I can top that; I just ordered a Ayn Rand T-shirt. The Reason founders should hit up QVC; they're great sales people.
And if they ever get tired of talking about Ayn Rand and Sarah Palin, I'm hoping they can maybe devote a few minutes at some point to talking about the big 1,990 page health care monstrosity that is probably going to be voted on in the House Saturday evening.
"Her unpleasantness," he says, "ultimately can be fully justified given the treatment she was given when she came out the Soviet Union, told the truth about that country, and nobody paid attention."
No kidding. I can only imagine what it must have been like in 1930s Hollywood to be a refugee from Soviet communism.
To flee a place where people were being imprisoned and killed on a daily basis for being "bourgeois", and to then arrive in a place where the people doing the killing are extolled as romantic heros, and the people doing the extolling feel proud ot it and are praised by others are forward thinkers, must have been horrifying. And would, of course, breed a permanent and fully justified contempt for those people.
People who priase Castro deserve our contempt to day, and he only aspired to Stalin's stature.
To this day, I often ask people wearing a CCCP shirt if they would wear a Swastika. Then I tell them that what they are wearing is worse.
I rather enjoy wearing Soviet propaganda myself, if for no reason other than the great irony in it. I have the quintessential collegiate revolutionary Che shirt, a hammer and sickle shirt, and I cannot find the most awesome shirt I ever had, a black buttonup that I got at a salvation army memorial day sale that was adorned with patches in Russian and emblazoned with images of Lenin and Stalin. Never once has anyone so much as looked at me angrily. Were I to rock a Swazi, I'd get my ass kicked daily (though I'd be a hit with Taylor Swift).
It would be even more ironic if you wore a Swaztika, but it seems you are too big a pussy for that.
If this were asked grammatically, it might be understood. But its tone is so bizarre that all it deserves is a big "baloney".
That was a very good, brief assessment of Ayn Rand. I could use less Ayn Rand talk, but, surely, more Tibor Machan! (I can't believe I just typed that.)
There was little to disagree with, here. But it's interesting to note how much special pleading Rand requires, eh?
I probably would go further, and say that Rand's experiences cannot justify bad philosophy (her egoism/altruism dialectic is indefensible) and bad manners (be careful of what you call yourself -- an egoist -- you might actually become one).
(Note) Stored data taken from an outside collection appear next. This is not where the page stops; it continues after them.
definition of_bits :: "bool list \<Rightarrow> 'a" where
  "of_bits = inv_into F bits"

lemma of_bits_in: "length w = u \<Longrightarrow> of_bits w \<in> F"
  using bij_bits by (auto simp: of_bits_def bij_betw_def intro: inv_into_into)

lemma bits_of_bits: "length w = u \<Longrightarrow> bits (of_bits w) = w"
  using bij_bits by (auto simp: of_bits_def bij_betw_def intro: f_inv_into_f)

lemma of_bits_bits: "x \<in> F \<Longrightarrow> of_bits (bits x) = x"
  using bij_bits by (simp add: of_bits_def bij_betw_def)

lemma bits_eqD: "x \<in> F \<Longrightarrow> y \<in> F \<Longrightarrow> bits x = bits y \<Longrightarrow> x = y"
  using bij_bits by (auto simp: bij_betw_def dest: inj_onD)

lemma length_bits: "x \<in> F \<Longrightarrow> length (bits x) = u"
  using bij_bits by (auto simp: bij_betw_def)

lemma poly_Poly_in: "set cs \<subseteq> F \<Longrightarrow> a \<in> F \<Longrightarrow> poly (Poly cs) a \<in> F"
  by (induction cs) (auto intro: zero_in add_in mult_in)

lemma card_points: "A \<subseteq> {..<n} \<Longrightarrow> card (\<alpha> ` A) = card A"
  using inj_points by (intro card_image) (auto intro: inj_on_subset)

definition blocks :: "bool list \<Rightarrow> bool list list" where
  "blocks s = map (\<lambda>j. take u (drop (j * u) s)) [0..<n - te]"

lemma length_blocks: "length (blocks s) = n - te"
  by (simp add: blocks_def)

lemma length_in_blocks:
  assumes "length s = u * (n - te)" "w \<in> set (blocks s)"
  shows "length w = u"
proof -
  obtain j where "j < n - te" "w = take u (drop (j * u) s)"
    using assms(2) by (auto simp: blocks_def)
  moreover have "j * u + u \<le> u * (n - te)"
    using \<open>j < n - te\<close> by (metis add.commute mult.commute mult_Suc_right mult_le_mono2 Suc_leI)
  ultimately show ?thesis
    using assms(1) by simp
qed

lemma concat_blocks_eq: "length s = u * (n - te) \<Longrightarrow> concat (blocks s) = s"
  by (simp add: blocks_def concat_chunks_eq_take mult.commute)

definition share_coeffs :: "'a list \<Rightarrow> bool list \<Rightarrow> 'a list" where
  "share_coeffs rs s = rs @ map of_bits (blocks s)"

definition shares :: "'a list \<Rightarrow> transcript" where
  "shares cs = (\<lambda>i. if i < n then bits (poly (Poly cs) (\<alpha> i)) else [])"

definition pads :: "'a list set" where
  "pads = {rs. set rs \<subseteq> F \<and> length rs = te}"

lemma finite_F: "finite F"
  using bij_betw_finite[OF bij_bits] finite_lists_length_eq[of "UNIV :: bool set" u] by simp

lemma finite_pads: "finite pads"
  unfolding pads_def using finite_F by (rule finite_lists_length_eq)

lemma pads_nonempty: "pads \<noteq> {}"
proof -
  have "replicate te 0 \<in> pads"
    by (auto simp: pads_def zero_in)
  thus ?thesis
    by blast
qed

lemma share_coeffs_in:
  "length s = u * (n - te) \<Longrightarrow> rs \<in> pads \<Longrightarrow> set (share_coeffs rs s) \<subseteq> F"
  by (auto simp: share_coeffs_def pads_def intro: of_bits_in length_in_blocks)

lemma length_share_coeffs: "rs \<in> pads \<Longrightarrow> length (share_coeffs rs s) = n"
  using te_le_n by (simp add: share_coeffs_def pads_def length_blocks)

definition encoder :: "bool list \<Rightarrow> transcript pmf" where
  "encoder s = map_pmf (\<lambda>rs. shares (share_coeffs rs s)) (pmf_of_set pads)"

definition interpolate :: "transcript \<Rightarrow> 'a list" where
  "interpolate x = (THE cs. length cs = n \<and> (\<forall>i<n. poly (Poly cs) (\<alpha> i) = of_bits (x i)))"

definition decoder :: "transcript \<Rightarrow> bool list pmf" where
  "decoder x = return_pmf (concat (map bits (drop te (interpolate x))))"

lemma interpolate_shares:
  assumes "set cs \<subseteq> F" "length cs = n"
  shows "interpolate (shares cs) = cs"
  unfolding interpolate_def
proof (rule the_equality)
  show "length cs = n \<and> (\<forall>i<n. poly (Poly cs) (\<alpha> i) = of_bits (shares cs i))"
    using assms by (simp add: shares_def of_bits_bits poly_Poly_in points_in)
next
  fix cs'
  assume cs': "length cs' = n \<and> (\<forall>i<n. poly (Poly cs') (\<alpha> i) = of_bits (shares cs i))"
  show "cs' = cs"
  proof (rule coeff_list_eqI_poly[of _ _ "\<alpha> ` {..<n}"])
    show "length cs' \<le> card (\<alpha> ` {..<n})"
      using cs' card_points[of "{..<n}"] by simp
    show "poly (Poly cs') x = poly (Poly cs) x" if "x \<in> \<alpha> ` {..<n}" for x
      using that cs' assms by (auto simp: shares_def of_bits_bits poly_Poly_in points_in)
  qed (use cs' assms in simp)
qed

lemma decoder_shares:
  assumes "length s = u * (n - te)" "rs \<in> pads"
  shows "decoder (shares (share_coeffs rs s)) = return_pmf s"
proof -
  have "interpolate (shares (share_coeffs rs s)) = share_coeffs rs s"
    using assms by (intro interpolate_shares share_coeffs_in length_share_coeffs)
  moreover have "map bits (map of_bits (blocks s)) = blocks s"
    unfolding map_map using assms(1) by (intro map_idI) (simp add: bits_of_bits length_in_blocks)
  ultimately show ?thesis
    using assms by (simp add: decoder_def share_coeffs_def pads_def concat_blocks_eq)
qed

lemma bind_encoder_decoder:
  assumes "length s = u * (n - te)"
  shows "bind_pmf (encoder s) decoder = return_pmf s"
proof -
  have "bind_pmf (encoder s) decoder =
      bind_pmf (pmf_of_set pads) (\<lambda>rs. decoder (shares (share_coeffs rs s)))"
    by (simp add: encoder_def bind_map_pmf)
  also have "\<dots> = bind_pmf (pmf_of_set pads) (\<lambda>_. return_pmf s)"
    using finite_pads pads_nonempty assms by (intro bind_pmf_cong) (simp_all add: decoder_shares)
  finally show ?thesis
    by simp
qed

lemma card_pads: "card pads = card F ^ te"
  unfolding pads_def using finite_F by (rule card_lists_length_eq)

lemma inj_on_pads_view:
  assumes s: "length s = u * (n - te)" and E: "E \<subseteq> {..<n}" "card E = te"
  shows "inj_on (\<lambda>rs. eve_view E (shares (share_coeffs rs s))) pads"
proof (rule inj_onI)
  fix rs rs'
  assume rs: "rs \<in> pads" and rs': "rs' \<in> pads"
    and eq: "eve_view E (shares (share_coeffs rs s)) = eve_view E (shares (share_coeffs rs' s))"
  have "poly (Poly rs) x = poly (Poly rs') x" if x: "x \<in> \<alpha> ` E" for x
  proof -
    obtain i where i: "i \<in> E" "x = \<alpha> i"
      using x by blast
    have "i < n"
      using i E(1) by blast
    have "bits (poly (Poly (share_coeffs rs s)) x) = bits (poly (Poly (share_coeffs rs' s)) x)"
      using fun_cong[OF eq, of i] i \<open>i < n\<close> by (simp add: eve_view_def shares_def)
    hence "poly (Poly (share_coeffs rs s)) x = poly (Poly (share_coeffs rs' s)) x"
      using share_coeffs_in[OF s rs] share_coeffs_in[OF s rs'] points_in[OF \<open>i < n\<close>] i
      by (intro bits_eqD poly_Poly_in) simp_all
    thus ?thesis
      using rs rs' by (simp add: share_coeffs_def poly_Poly_append pads_def)
  qed
  thus "rs = rs'"
    using rs rs' card_points[OF E(1)] E(2) by (intro coeff_list_eqI_poly) (auto simp: pads_def)
qed

lemma bij_betw_pads_view:
  assumes s: "length s = u * (n - te)" and E: "E \<subseteq> {..<n}" "card E = te"
  shows "bij_betw (\<lambda>rs. eve_view E (shares (share_coeffs rs s))) pads
    (PiE_dflt E [] (\<lambda>_. {w. length w = u}))" (is "bij_betw ?view pads ?B")
proof (rule bij_betw_imageI)
  show inj: "inj_on ?view pads"
    using assms by (rule inj_on_pads_view)
  have finite_E: "finite E"
    using E(1) finite_subset by blast
  have "?view ` pads \<subseteq> ?B"
    using share_coeffs_in[OF s] E(1)
    by (auto simp: PiE_dflt_def eve_view_def shares_def length_bits poly_Poly_in points_in)
  moreover have "card ?B = card (?view ` pads)"
  proof -
    have "card ?B = card {w :: bool list. length w = u} ^ te"
      using finite_E E(2) finite_lists_length_eq[of "UNIV :: bool set" u]
      by (simp add: card_PiE_dflt)
    also have "\<dots> = card pads"
      using card_pads bij_betw_same_card[OF bij_bits] by simp
    finally show ?thesis
      using card_image[OF inj] by simp
  qed
  moreover have "finite ?B"
    using finite_E finite_lists_length_eq[of "UNIV :: bool set" u] by auto
  ultimately show "?view ` pads = ?B"
    by (intro card_subset_eq) auto
qed

lemma eve_view_encoder_full:
  assumes "length s = u * (n - te)" "E \<subseteq> {..<n}" "card E = te"
  shows "map_pmf (eve_view E) (encoder s) = pmf_of_set (PiE_dflt E [] (\<lambda>_. {w. length w = u}))"
  using map_pmf_of_set_bij_betw[OF bij_betw_pads_view[OF assms] pads_nonempty finite_pads]
  by (simp add: encoder_def map_pmf_comp)

lemma eve_view_encoder_indep:
  assumes "length s1 = u * (n - te)" "length s2 = u * (n - te)"
    and "E \<subseteq> {..<n}" "card E \<le> te"
  shows "map_pmf (eve_view E) (encoder s1) = map_pmf (eve_view E) (encoder s2)"
proof -
  obtain E' where "E \<subseteq> E'" "E' \<subseteq> {..<n}" "card E' = te"
    using exists_subset_between[OF assms(4) _ assms(3)] te_le_n by auto
  have "map_pmf (eve_view E) (encoder s) =
      map_pmf (eve_view E) (pmf_of_set (PiE_dflt E' [] (\<lambda>_. {w. length w = u})))"
    if "length s = u * (n - te)" for s
  proof -
    have "map_pmf (eve_view E) (encoder s) =
        map_pmf (eve_view E) (map_pmf (eve_view E') (encoder s))"
      using \<open>E \<subseteq> E'\<close> by (simp add: map_pmf_comp eve_view_eve_view_subset)
    thus ?thesis
      using eve_view_encoder_full[OF that \<open>E' \<subseteq> {..<n}\<close> \<open>card E' = te\<close>] by simp
  qed
  thus ?thesis
    using assms(1,2) by simp
qed

lemma encoder_transcripts:
  assumes "length s = u * (n - te)" "x \<in> set_pmf (encoder s)"
  shows "(\<forall>i\<ge>n. x i = []) \<and> (\<Sum>i<n. length (x i)) = u * n"
proof -
  obtain rs where rs: "rs \<in> pads" "x = shares (share_coeffs rs s)"
    using assms(2) finite_pads pads_nonempty by (auto simp: encoder_def)
  have "length (x i) = u" if "i < n" for i
    using that rs share_coeffs_in[OF assms(1) rs(1)]
    by (simp add: shares_def length_bits poly_Poly_in points_in)
  thus ?thesis
    using rs(2) by (simp add: shares_def)
qed

theorem one_round_PMT_encoder_decoder:
  "one_round_PMT n te (u * (n - te)) (u * n) 0 0 (encoder, decoder)"
  unfolding one_round_PMT_def Let_def fst_conv snd_conv
proof (intro conjI allI impI ballI)
  fix s1 s2 :: "bool list" and E :: "nat set"
  assume "length s1 = u * (n - te)" "length s2 = u * (n - te)" "E \<subseteq> {..<n}" "card E \<le> te"
  hence "map_pmf (eve_view E) (encoder s1) = map_pmf (eve_view E) (encoder s2)"
    by (rule eve_view_encoder_indep)
  thus "SD (map_pmf (eve_view E) (encoder s1)) (map_pmf (eve_view E) (encoder s2)) \<le> 0"
    by simp
qed (simp_all add: encoder_transcripts bind_encoder_decoder)

end

lemma one_round_PMT_exists:
  assumes "te \<le> n" "0 < u" "n \<le> 2 ^ u"
  shows "\<exists>P. one_round_PMT n te (u * (n - te)) (u * n) 0 0 P"
proof -
  define F :: "bit alg_closure set" where "F = frob_fixpoints u"
  have card_F: "card F = 2 ^ u"
    unfolding F_def using CHAR_bit_alg_closure assms(2) by (rule card_frob_fixpoints)
  hence "finite F"
    by (intro card_ge_0_finite) simp
  have "\<exists>bits. bij_betw bits F {w :: bool list. length w = u}"
  proof (rule finite_same_card_bij)
    show "finite {w :: bool list. length w = u}"
      using finite_lists_length_eq[of "UNIV :: bool set" u] by simp
    show "card F = card {w :: bool list. length w = u}"
      using card_lists_length_eq[of "UNIV :: bool set" u] card_F by simp
  qed fact
  then obtain bits where bits: "bij_betw bits F {w :: bool list. length w = u}"
    by blast
  obtain \<alpha> where \<alpha>: "bij_betw \<alpha> {0..<card F} F"
    using ex_bij_betw_nat_finite[OF \<open>finite F\<close>] by blast
  have "{..<n} \<subseteq> {0..<card F}"
    using assms(3) card_F by auto
  hence points_in: "\<alpha> i \<in> F" if "i < n" for i
    using \<alpha> that by (auto simp: bij_betw_def)
  have inj_points: "inj_on \<alpha> {..<n}"
    using \<alpha> \<open>{..<n} \<subseteq> _\<close> by (auto simp: bij_betw_def intro: inj_on_subset)
  interpret ramp_sharing F bits \<alpha> n te u
  proof
    show "0 \<in> F"
      unfolding F_def by (rule zero_in_frob_fixpoints)
    show "x + y \<in> F" if "x \<in> F" "y \<in> F" for x y
      using CHAR_bit_alg_closure that unfolding F_def by (rule add_in_frob_fixpoints)
    show "x * y \<in> F" if "x \<in> F" "y \<in> F" for x y
      using that unfolding F_def by (rule mult_in_frob_fixpoints)
  qed (fact assms(1) bits points_in inj_points)+
  show ?thesis
    using one_round_PMT_encoder_decoder by blast
qed
lemma has_poly_derivative_mult:
  assumes "t \<in> T" "has_poly_derivative P P' t T" "has_poly_derivative Q Q' t T"
  shows "has_poly_derivative (\<lambda>s. P s * Q s) (P' * Q t + P t * Q') t T"
proof -
  obtain n m where n: "\<forall>s\<in>T. degree (P s) \<le> n" "degree P' \<le> n"
    "\<forall>i. ((\<lambda>s. coeff (P s) i) has_real_derivative coeff P' i) (at t within T)"
    and m: "\<forall>s\<in>T. degree (Q s) \<le> m" "degree Q' \<le> m"
    "\<forall>i. ((\<lambda>s. coeff (Q s) i) has_real_derivative coeff Q' i) (at t within T)"
    using assms(2,3) unfolding has_poly_derivative_def by blast
  have "degree (P s * Q s) \<le> n + m" if "s \<in> T" for s
    using n(1) m(1) that by (meson add_mono degree_mult_le order.trans)
  moreover have "degree (P' * Q t + P t * Q') \<le> n + m"
    using n m assms(1) by (intro degree_add_le; meson add_mono degree_mult_le order.trans)
  moreover have "((\<lambda>s. coeff (P s * Q s) i) has_real_derivative coeff (P' * Q t + P t * Q') i)
      (at t within T)" for i
    unfolding coeff_mult coeff_add sum.distrib[symmetric]
    using n(3) m(3) by (auto intro!: derivative_eq_intros sum.cong simp: algebra_simps)
  ultimately show ?thesis
    unfolding has_poly_derivative_def by blast
qed

lemma has_real_derivative_coeff_linear:
  assumes "t \<in> T" "has_poly_derivative P P' t T"
    and L: "\<And>p n. degree p \<le> n \<Longrightarrow> L p = (\<Sum>i\<le>n. coeff p i * c i)"
  shows "((\<lambda>s. L (P s)) has_real_derivative L P') (at t within T)"
proof -
  obtain n where n: "\<forall>s\<in>T. degree (P s) \<le> n" "degree P' \<le> n"
    "\<forall>i. ((\<lambda>s. coeff (P s) i) has_real_derivative coeff P' i) (at t within T)"
    using assms(2) unfolding has_poly_derivative_def by blast
  have "((\<lambda>s. \<Sum>i\<le>n. coeff (P s) i * c i) has_real_derivative L P') (at t within T)"
    unfolding L[OF n(2)] using n(3) by (auto intro!: derivative_eq_intros)
  then show ?thesis
    by (rule has_field_derivative_transform_within[where d=1]) (use assms(1) n(1) L in auto)
qed

lemma has_real_derivative_poly:
  "t \<in> T \<Longrightarrow> has_poly_derivative P P' t T \<Longrightarrow>
    ((\<lambda>s. poly (P s) x) has_real_derivative poly P' x) (at t within T)"
  by (rule has_real_derivative_coeff_linear[where c = "\<lambda>i. x ^ i"]) (auto simp: poly_eq_sum_coeff)

lemma has_real_derivative_poly_integral:
  "t \<in> T \<Longrightarrow> has_poly_derivative P P' t T \<Longrightarrow>
    ((\<lambda>s. poly_integral a b (P s)) has_real_derivative poly_integral a b P') (at t within T)"
  by (rule has_real_derivative_coeff_linear[where c = "\<lambda>i. integral {a..b} (\<lambda>y. y ^ i)"])
     (auto simp: poly_integral_eq_sum_coeff)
Oh, well, she brought all these good people here, right? (Well, not me, but, uh, Reason magazine itself.) Rand is Reason's founding goddess. Iconoclasm on our part might seem a tad churlish. The idol must be respected if not revered.
One doesn't go into one's friends' church, after all, only to piss on the Mary statuary, or the crucifix.
Can a Randian or any form of Rand fan please explain to me how her comments about William Hickman are reconciled with her beliefs in personal liberty? I have no strong opinion about her one way or the other, and I take with a grain of salt the stuff I read over at Slate. But it seems like positive words for a serial killer should raise an eyebrow or two.
From what I've read, William Edward Hickman was guilty of a murder committed during a series of armed robberies and of the more notorious kidnapping, murder and mutilation of a twelve year old little girl. While he was undoubtedly a psychopath, I don't know that I would refer to him as a "serial killer."
Try watching 'Night of the Hunter'. The scene at the end where the hypocritical mob is howling for the blood of the villian pretty well conveys what Rand's feelings likely were regarding Hickman.
These interviews are good, but I must say I find the Reason co-founders more interesting than Rand. I already knew a fair amount about her; these guys are new to me.